Here's hoping the effort to expand statewide succeeds. Know someone in Michigan who needs dial-up access? Check the access numbers to see if you can dial-in. You can even consider adding a dial-up account as a backup account.


July 5, 2008

Are bought-out, laid-off journalists unemployed?

Quick question as new employment figures posted: Do the bought-out or laid-off get counted?

The more I study employment and unemployment figures, the more confused I get.

If you are getting ongoing payments, does the government consider you employed? What if you took that "salary" as a lunp sum?

Are you counted as unemployed if you don't register with the state or use its job hunting tools and search on your own?

Can I count my job as affected by NAFTA if the copyediting is done in India?

Can i take the summer off and then look? am I counted as unemployed?

How do I work past retirement age if too many seek too few jobs?

How many multimedia consultants does the world need today?

Just asking .


.

Forget death watch. Send help

As the tally of those formerly known as newsroom employees grows, I want to know where are they all going and who is helping?

Forget Death Watch Forget the Papercuts showing me where the layoffs are.

No, don't forget, but get me help please.

Show me the checklist of what to do after I get the.notice, then next, then next, then next.

Where is the transition guide from API, Poyntner or SPJ?

Where is the foundation-funded program tapping the resources getting away?

Where are the university journalism programs offering retraining for their graduates? Or showcasing the new places to use the skills learned on the way to a journalism degree?

Where are the retraining programs like the ones offered the autoworkers and othersin manufacturing who lost their jobs?

Do we apply for unemployment? How can we save our houses when the market is so low? Can we get financial aid now for the college student based on our new incomes and not last year's paycheck?

There is no need for editors if books are not selling. The novel won't pay today's bills.

Or perhaps what we need is a look at who really is leaving the newsrooms.

And tell me why new journalism programs are turning up, why new graduates enter the workplace already saturated with folks with 1 to 40 years experience?

Why am I told how wise it would be to work past retirement age of 66 when the jobs disappear?

Blame mass production for media illness?

There is one photograph marking my grandparents wediing. It was taken at a studio, days after the actual event.

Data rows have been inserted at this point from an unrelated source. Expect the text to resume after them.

(* Let $m\ge 2$ be an integer and $\alpha\in(0,1)$. There exists a nonzero finite Borel measure $\mu$ on $\mathbb{T}$ such that $\operatorname{ess\,sup}_{x} \Theta^{\alpha,*}(\mu,x)<\infty$, $\operatorname{ess\,inf}_{x}\Theta_{\alpha,*}(\mu,x)>0$ (essential supremum/infimum with respect to $\mu$), and $$\mathcal{C}(\mu,\alpha) \leq \frac{\lceil m^{\alpha}\rceil}{\lfloor m^{\alpha}\rfloor}.$$
   Context: Fix an integer $m\ge 2$ and let $\mathbb{T}=\{0,1,\dots,m-1\}^{\mathbb{N}}$ be the set of infinite sequences with entries in $\{0,\dots,m-1\}$. For distinct $a,b\in\mathbb{T}$ let $n(a,b)$ be the first index at which they differ and set $d(a,b)=m^{-n(a,b)+1}$ ($d(a,a)=0$). For an integer $n\ge0$ and $x\in\mathbb{T}$, $B_n(x)=B(x,m^{-n})$ is the set of sequences agreeing with $x$ in the first $n$ positions (an interval of level $n$). For a Borel measure $\mu$ on $\mathbb{T}$ and $\alpha>0$: $\Theta^{\alpha,*}(\mu,x)=\limsup_{n\to\infty} m^{\alpha n}\mu(B_n(x))$ and $\Theta_{\alpha,*}(\mu,x)=\liminf_{n\to\infty} m^{\alpha n}\mu(B_n(x))$. Define $\mathcal{C}(\mu,\alpha)=\dfrac{\operatorname{ess\,sup}_{x\in\mathbb{T}}\Theta^{\alpha,*}(\mu,x)}{\operatorname{ess\,inf}_{x\in\mathbb{T}}\Theta_{\alpha,*}(\mu,x)}$ (with respect to $\mu$) whenever the numerator is finite and the denominator positive. $\lfloor\cdot\rfloor,\lceil\cdot\rceil$ denote floor and ceiling. *)

theory Defs
  imports "HOL-Analysis.Analysis" "HOL-Probability.Essential_Supremum"
begin
text \<open>This two-cocycle identity is exactly what makes the multiplication associative.\<close>

lemma cl_sign_cocycle:
  fixes S T U :: "'n::{finite,linorder} set"
  shows "cl_sign eps S T * cl_sign eps (sym_diff S T) U
       = cl_sign eps T U * cl_sign eps S (sym_diff T U)"
proof -
  have "eps_prod eps (S \<inter> T) * eps_prod eps (sym_diff S T \<inter> U)
      = eps_prod eps ((S \<inter> T) \<union> (sym_diff S T \<inter> U))"
    by (rule eps_prod_Un[symmetric]) auto
  also have "(S \<inter> T) \<union> (sym_diff S T \<inter> U) = (T \<inter> U) \<union> (S \<inter> sym_diff T U)"
    by auto
  also have "eps_prod eps \<dots> = eps_prod eps (T \<inter> U) * eps_prod eps (S \<inter> sym_diff T U)"
    by (rule eps_prod_Un) auto
  finally have prods: "eps_prod eps (S \<inter> T) * eps_prod eps (sym_diff S T \<inter> U)
      = eps_prod eps (T \<inter> U) * eps_prod eps (S \<inter> sym_diff T U)" .
  have "even ((inversions S T + inversions (sym_diff S T) U) + (inversions T U + inversions S (sym_diff T U)))"
    using even_inversions_sym_diff_left[of S T U]
      even_inversions_sym_diff_right[where U = S and X = T and Y = U]
    by (simp add: even_add) blast
  then have "(-1::complex) ^ inversions S T * (-1) ^ inversions (sym_diff S T) U
      = (-1) ^ inversions T U * (-1) ^ inversions S (sym_diff T U)"
    unfolding power_add[symmetric] by (rule neg_one_power_eq)
  with prods show ?thesis
    unfolding cl_sign_eq by (simp add: mult_ac)
qed

section \<open>The Clifford algebra in the monomial basis\<close>

definition cl_basis :: "'n set \<Rightarrow> 'n clf" where
  "cl_basis S = (\<lambda>U. if U = S then 1 else 0)"
lemma vprod_fun_upd_Suc:
  assumes "is_divisor e" "P \<in> XH H"
  shows "vprod H (e(P := Suc (e P))) = vmul P (vprod H e)"
proof -
  have "vprod H (e(P := Suc (e P))) = vclos H (setsum P (idprod e))"
    unfolding vprod_def using idprod_fun_upd_Suc[of e P] assms(1) by (simp add: is_divisor_def)
  also have "\<dots> = vmul P (vprod H e)" unfolding vmul_def vprod_def
    by (rule vclos_setsum_vclos_right[symmetric])
      (use XH_subset_H[OF assms(2)] idprod_subset_H[OF assms(1)] H_subset_qgrp in auto)
  finally show ?thesis .
qed

lemma vprod_frac_div: "is_divisor e \<Longrightarrow> frac_div H (vprod H e)"
  and vprod_subset_H: "is_divisor e \<Longrightarrow> vprod H e \<subseteq> H"
proof -
  assume "is_divisor e"
  then have "frac_div H (vprod H e) \<and> vprod H e \<subseteq> H"
  proof (induction rule: is_divisor_induct)
    case zero
    then show ?case using vprod_zero frac_div_H by auto
  next
    case (step e P)
    have "vmul P (vprod H e) \<subseteq> vprod H e"
      using vmul_subset_right step(3) XH_subset_H[OF step(2)] by blast
    then show ?case
      using vprod_fun_upd_Suc[OF step(1,2)] frac_div_vmul[OF XH_frac_div[OF step(2)]] step(3)
      by (simp only:) blast
  qed
  then show "frac_div H (vprod H e)" "vprod H e \<subseteq> H" by blast+
qed

lemma vprod_add:
  assumes "is_divisor e" "is_divisor f"
  shows "vprod H (\<lambda>Q. e Q + f Q) = vmul (vprod H e) (vprod H f)"
  using assms(2)
proof (induction rule: is_divisor_induct)
  case zero
  then show ?case using vmul_H_right vprod_zero vprod_frac_div[OF assms(1)] by simp
next
  case (step f P)
  have D: "frac_div H (vprod H e)" "frac_div H (vprod H f)" "frac_div H P"
    using vprod_frac_div assms(1) step(1) XH_frac_div step(2) by auto
  have "(\<lambda>Q. e Q + (f(P := Suc (f P))) Q) = (\<lambda>Q. e Q + f Q)(P := Suc (e P + f P))" by auto
  then have "vprod H (\<lambda>Q. e Q + (f(P := Suc (f P))) Q) = vmul P (vprod H (\<lambda>Q. e Q + f Q))"
    using vprod_fun_upd_Suc[OF is_divisor_add[OF assms(1) step(1)] step(2)] by simp
  also have "\<dots> = vmul P (vmul (vprod H e) (vprod H f))" using step by simp
  also have "\<dots> = vmul (vmul P (vprod H e)) (vprod H f)"
    using vmul_assoc[OF D(3,1,2)] by simp
  also have "\<dots> = vmul (vmul (vprod H e) P) (vprod H f)"
    by (simp only: vmul_commute[of P])
  also have "\<dots> = vmul (vprod H e) (vmul P (vprod H f))"
    using vmul_assoc[OF D(1,3,2)] by simp
  also have "\<dots> = vmul (vprod H e) (vprod H (f(P := Suc (f P))))"
    using vprod_fun_upd_Suc step by simp
  finally show ?case .
qed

A friend has the output of the disposable cameras that sat on each table at her wedding reception. More documentation comes from the album from the professional photograher, the official videeo, the donated video and snapshots from friends and family.

My grandmother left us photographs. Two books showcase her life before 1957. Another show us the 1960s - that vacation aith a plane ride from Detroit to Las Vegas takes up a page.

Today some fill a whole book documenting each vacation.

At funeral homes, we share stories in rooms decorated with boards full of photographs while videos let us hear the dearly departed and see highlights of the life ended.

Do we need a printed newspaper to document our lives and our deaths anymore?

Do I need to pay more to tell those who already were there?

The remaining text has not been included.